# Instructions for the task
Locate every line in the records below that contains the word "False", and copy each one.

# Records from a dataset

(* Let $a,b$ be integers, let $G\in\mathscr{G}_{a,b}$, and let $P=u_0u_1\ldots u_k$ be an internal path or an internal cycle in $G$. Then: (i) $k\le 3$; (ii) if $k=3$, then there is no internal path $v_0v_1v_2$ of length $2$ in $G$ with $d_G(v_0)=d_G(v_2)=d_G(u_0)$; (iii) if $k=3$, then $d_G(u_0)=d_G(u_3)$; moreover, if $G$ contains another internal path $v_0v_1v_2v_3$, then $d_G(v_0)=d_G(v_3)=d_G(u_0)=d_G(u_3)$.
   Context: All graphs are simple and connected; $d_G(v)$ is the degree of $v$ and $N_G(v)$ its neighbourhood. For integers $a,b$, $\mathscr{G}_{a,b}$ is the set of connected graphs $G$ such that for every $v\in V_G$, $\sum_{u\in N_G(v)}d_G(u)=a\,d_G(v)+b-d_G(v)^2$. A path $u_0u_1\ldots u_k$ ($k\ge1$) in $G$ with $d_G(u_0),d_G(u_k)\ge 3$ and $d_G(u_i)=2$ for $1\le i\le k-1$ is called an internal path if $u_0\ne u_k$, and an internal cycle if $u_0=u_k$ (then $k\ge 3$). *)

theory Defs
  imports Main
begin

definition simple_conn_graph :: "'a set \<Rightarrow> ('a \<Rightarrow> 'a \<Rightarrow> bool) \<Rightarrow> bool" where
  "simple_conn_graph V E \<longleftrightarrow> finite V \<and> V \<noteq> {} \<and>
     (\<forall>x y. E x y \<longrightarrow> x \<in> V \<and> y \<in> V) \<and>
     (\<forall>x y. E x y \<longrightarrow> E y x) \<and> (\<forall>x. \<not> E x x) \<and>
     (\<forall>x\<in>V. \<forall>y\<in>V. E\<^sup>*\<^sup>* x y)"

definition nbhd :: "'a set \<Rightarrow> ('a \<Rightarrow> 'a \<Rightarrow> bool) \<Rightarrow> 'a \<Rightarrow> 'a set" where
  "nbhd V E v = {u \<in> V. E v u}"

definition deg :: "'a set \<Rightarrow> ('a \<Rightarrow> 'a \<Rightarrow> bool) \<Rightarrow> 'a \<Rightarrow> nat" where
  "deg V E v = card (nbhd V E v)"

definition in_G_ab :: "int \<Rightarrow> int \<Rightarrow> 'a set \<Rightarrow> ('a \<Rightarrow> 'a \<Rightarrow> bool) \<Rightarrow> bool" where
  "in_G_ab a b V E \<longleftrightarrow> simple_conn_graph V E \<and>
     (\<forall>v\<in>V. (\<Sum>u\<in>nbhd V E v. int (deg V E u))
              = a * int (deg V E v) + b - int (deg V E v) ^ 2)"

definition internal_walk :: "'a set \<Rightarrow> ('a \<Rightarrow> 'a \<Rightarrow> bool) \<Rightarrow> (nat \<Rightarrow> 'a) \<Rightarrow> nat \<Rightarrow> bool" where
  "internal_walk V E u k \<longleftrightarrow> 1 \<le> k \<and> (\<forall>i\<le>k. u i \<in> V) \<and> (\<forall>i<k. E (u i) (u (Suc i))) \<and>
     deg V E (u 0) \<ge> 3 \<and> deg V E (u k) \<ge> 3 \<and> (\<forall>i. 1 \<le> i \<and> i < k \<longrightarrow> deg V E (u i) = 2)"

definition internal_path :: "'a set \<Rightarrow> ('a \<Rightarrow> 'a \<Rightarrow> bool) \<Rightarrow> (nat \<Rightarrow> 'a) \<Rightarrow> nat \<Rightarrow> bool" where
  "internal_path V E u k \<longleftrightarrow> internal_walk V E u k \<and> inj_on u {0..k}"

definition internal_cycle :: "'a set \<Rightarrow> ('a \<Rightarrow> 'a \<Rightarrow> bool) \<Rightarrow> (nat \<Rightarrow> 'a) \<Rightarrow> nat \<Rightarrow> bool" where
  "internal_cycle V E u k \<longleftrightarrow> internal_walk V E u k \<and> 3 \<le> k \<and> u 0 = u k \<and> inj_on u {0..<k}"

end

theory Submission
  imports Defs
begin

text \<open>The defining identity of G_{a,b} at a vertex of degree 2 says that its two neighbours
  have degree sum \<open>2a + b - 4\<close>. Along an internal path or cycle every vertex two steps
  apart from another is a neighbour of the same degree-2 vertex, so consecutive such sums
  pin down the degrees: with \<open>k \<ge> 4\<close> the end \<open>u\<^sub>0\<close> would get degree 2, and with \<open>k = 3\<close>
  both ends get degree \<open>2a + b - 6\<close>, which is incompatible with an internal path of length 2
  between two vertices of that degree.\<close>

lemma in_G_ab_sym: "in_G_ab a b V E \<Longrightarrow> E x y \<Longrightarrow> E y x"
  unfolding in_G_ab_def simple_conn_graph_def by blast

lemma in_G_ab_in_V: "in_G_ab a b V E \<Longrightarrow> E x y \<Longrightarrow> y \<in> V"
  unfolding in_G_ab_def simple_conn_graph_def by blast

lemma nbhd_eq_doubleton:
  assumes "finite V" "deg V E v = 2" "x \<in> nbhd V E v" "y \<in> nbhd V E v" "x \<noteq> y"
  shows "nbhd V E v = {x, y}"
proof -
  have "finite (nbhd V E v)" using \<open>finite V\<close> unfolding nbhd_def by simp
  moreover have "card {x, y} = card (nbhd V E v)" using assms(2,5) unfolding deg_def by simp
  ultimately show ?thesis using card_subset_eq assms(3,4) by (metis empty_subsetI insert_subset)
qed

lemma in_G_ab_deg2_neighbours:
  assumes G: "in_G_ab a b V E" and "v \<in> V" "deg V E v = 2" "E v x" "E v y" "x \<noteq> y"
  shows "int (deg V E x) + int (deg V E y) = 2 * a + b - 4"
proof -
  have "finite V" using G unfolding in_G_ab_def simple_conn_graph_def by blast
  moreover have "x \<in> nbhd V E v" "y \<in> nbhd V E v"
    using assms(4,5) in_G_ab_in_V[OF G] unfolding nbhd_def by simp_all
  ultimately have "nbhd V E v = {x, y}" by (rule nbhd_eq_doubleton[OF _ assms(3) _ _ assms(6)])
  moreover have "(\<Sum>w\<in>nbhd V E v. int (deg V E w)) = a * int (deg V E v) + b - int (deg V E v) ^ 2"
    using G assms(2) unfolding in_G_ab_def by blast
  ultimately show ?thesis using assms(3,6) by simp
qed

lemma internal_walk_skip_deg_sum:
  assumes G: "in_G_ab a b V E" and W: "internal_walk V E u k"
    and "Suc (Suc i) \<le> k" "u i \<noteq> u (Suc (Suc i))"
  shows "int (deg V E (u i)) + int (deg V E (u (Suc (Suc i)))) = 2 * a + b - 4"
proof (rule in_G_ab_deg2_neighbours[OF G])
  show "u (Suc i) \<in> V" "deg V E (u (Suc i)) = 2"
    "E (u (Suc i)) (u i)" "E (u (Suc i)) (u (Suc (Suc i)))"
    using W assms(3) in_G_ab_sym[OF G] unfolding internal_walk_def by auto
qed fact

lemma internal_path_or_cycle_skip_distinct:
  assumes P: "internal_path V E u k \<or> internal_cycle V E u k" and i: "Suc (Suc i) \<le> k"
  shows "u i \<noteq> u (Suc (Suc i))"
  using P
proof
  assume "internal_path V E u k"
  then have "inj_on u {0..k}" unfolding internal_path_def by blast
  then show ?thesis by (rule inj_on_contraD) (use i in auto)
next
  assume "internal_cycle V E u k"
  then have inj: "inj_on u {0..<k}" and "3 \<le> k" "u 0 = u k"
    unfolding internal_cycle_def by blast+
  show ?thesis
  proof (cases "Suc (Suc i) = k")
    case True
    with \<open>3 \<le> k\<close> have "u i \<noteq> u 0" by (intro inj_on_contraD[OF inj]) auto
    with True \<open>u 0 = u k\<close> show ?thesis by simp
  next
    case False
    with i show ?thesis by (intro inj_on_contraD[OF inj]) auto
  qed
qed

lemma internal_path_or_cycle_length_le_3:
  assumes G: "in_G_ab a b V E" and P: "internal_path V E u k \<or> internal_cycle V E u k"
  shows "k \<le> 3"
proof (rule ccontr)
  assume "\<not> k \<le> 3"
  have W: "internal_walk V E u k"
    using P unfolding internal_path_def internal_cycle_def by blast
  have "int (deg V E (u 0)) + int (deg V E (u 2)) = 2 * a + b - 4"
    "int (deg V E (u 1)) + int (deg V E (u 3)) = 2 * a + b - 4"
    using internal_walk_skip_deg_sum[OF G W] internal_path_or_cycle_skip_distinct[OF P]
      \<open>\<not> k \<le> 3\<close> by (simp_all add: numeral_2_eq_2 numeral_3_eq_3)
  moreover have "deg V E (u i) = 2" if "i \<in> {1, 2, 3}" for i
    using W \<open>\<not> k \<le> 3\<close> that unfolding internal_walk_def by auto
  moreover have "deg V E (u 0) \<ge> 3" using W unfolding internal_walk_def by blast
  ultimately show False by simp
qed

lemma internal_length_3_end_degrees:
  assumes G: "in_G_ab a b V E" and P: "internal_path V E u 3 \<or> internal_cycle V E u 3"
  shows "int (deg V E (u 0)) = 2 * a + b - 6" "int (deg V E (u 3)) = 2 * a + b - 6"
proof -
  have W: "internal_walk V E u 3"
    using P unfolding internal_path_def internal_cycle_def by blast
  have "int (deg V E (u 0)) + int (deg V E (u 2)) = 2 * a + b - 4"
    "int (deg V E (u 1)) + int (deg V E (u 3)) = 2 * a + b - 4"
    using internal_walk_skip_deg_sum[OF G W] internal_path_or_cycle_skip_distinct[OF P]
    by (simp_all add: numeral_2_eq_2 numeral_3_eq_3)
  moreover have "deg V E (u 1) = 2" "deg V E (u 2) = 2"
    using W unfolding internal_walk_def by auto
  ultimately show "int (deg V E (u 0)) = 2 * a + b - 6" "int (deg V E (u 3)) = 2 * a + b - 6"
    by simp_all
qed

lemma internal_path_2_end_deg_sum:
  assumes G: "in_G_ab a b V E" and P: "internal_path V E v 2"
  shows "int (deg V E (v 0)) + int (deg V E (v 2)) = 2 * a + b - 4"
  using internal_walk_skip_deg_sum[OF G, of v 2 0] internal_path_or_cycle_skip_distinct[of V E v 2 0] P
  unfolding internal_path_def by (simp add: numeral_2_eq_2)

theorem lemma1p6:
  fixes a b :: int and V :: "'a set" and E :: "'a \<Rightarrow> 'a \<Rightarrow> bool"
    and u :: "nat \<Rightarrow> 'a" and k :: nat
  assumes G: "in_G_ab a b V E"
    and P: "internal_path V E u k \<or> internal_cycle V E u k"
  shows "k \<le> 3 \<and>
    (k = 3 \<longrightarrow> \<not> (\<exists>v. internal_path V E v 2 \<and>
            deg V E (v 0) = deg V E (u 0) \<and> deg V E (v 2) = deg V E (u 0))) \<and>
    (k = 3 \<longrightarrow> deg V E (u 0) = deg V E (u 3) \<and>
       (\<forall>v. internal_path V E v 3 \<longrightarrow>
           deg V E (v 0) = deg V E (v 3) \<and> deg V E (v 3) = deg V E (u 0)))"
proof (intro conjI impI)
  show "k \<le> 3" using internal_path_or_cycle_length_le_3[OF G P] .
next
  assume "k = 3"
  then have u0: "int (deg V E (u 0)) = 2 * a + b - 6" and u3: "int (deg V E (u 3)) = 2 * a + b - 6"
    using internal_length_3_end_degrees[OF G] P by blast+
  show "deg V E (u 0) = deg V E (u 3)" using u0 u3 by simp
  show "\<not> (\<exists>v. internal_path V E v 2 \<and>
            deg V E (v 0) = deg V E (u 0) \<and> deg V E (v 2) = deg V E (u 0))"
  proof
    assume "\<exists>v. internal_path V E v 2 \<and>
            deg V E (v 0) = deg V E (u 0) \<and> deg V E (v 2) = deg V E (u 0)"
    then obtain v where v: "internal_path V E v 2"
      and "deg V E (v 0) = deg V E (u 0)" "deg V E (v 2) = deg V E (u 0)" by blast
    with internal_path_2_end_deg_sum[OF G v] have "2 * int (deg V E (u 0)) = 2 * a + b - 4"
      by simp
    with u0 have "deg V E (u 0) = 2" by simp
    moreover have "deg V E (u 0) \<ge> 3"
      using P unfolding internal_path_def internal_cycle_def internal_walk_def by (elim disjE conjE)
    ultimately show False by simp
  qed
  show "\<forall>v. internal_path V E v 3 \<longrightarrow>
           deg V E (v 0) = deg V E (v 3) \<and> deg V E (v 3) = deg V E (u 0)"
  proof (intro allI impI)
    fix v assume "internal_path V E v 3"
    then have "int (deg V E (v 0)) = 2 * a + b - 6" "int (deg V E (v 3)) = 2 * a + b - 6"
      using internal_length_3_end_degrees[OF G] by blast+
    with u0 show "deg V E (v 0) = deg V E (v 3) \<and> deg V E (v 3) = deg V E (u 0)" by simp
  qed
qed

end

# Task solution
    case False
  ultimately show False by simp
    ultimately show False by simp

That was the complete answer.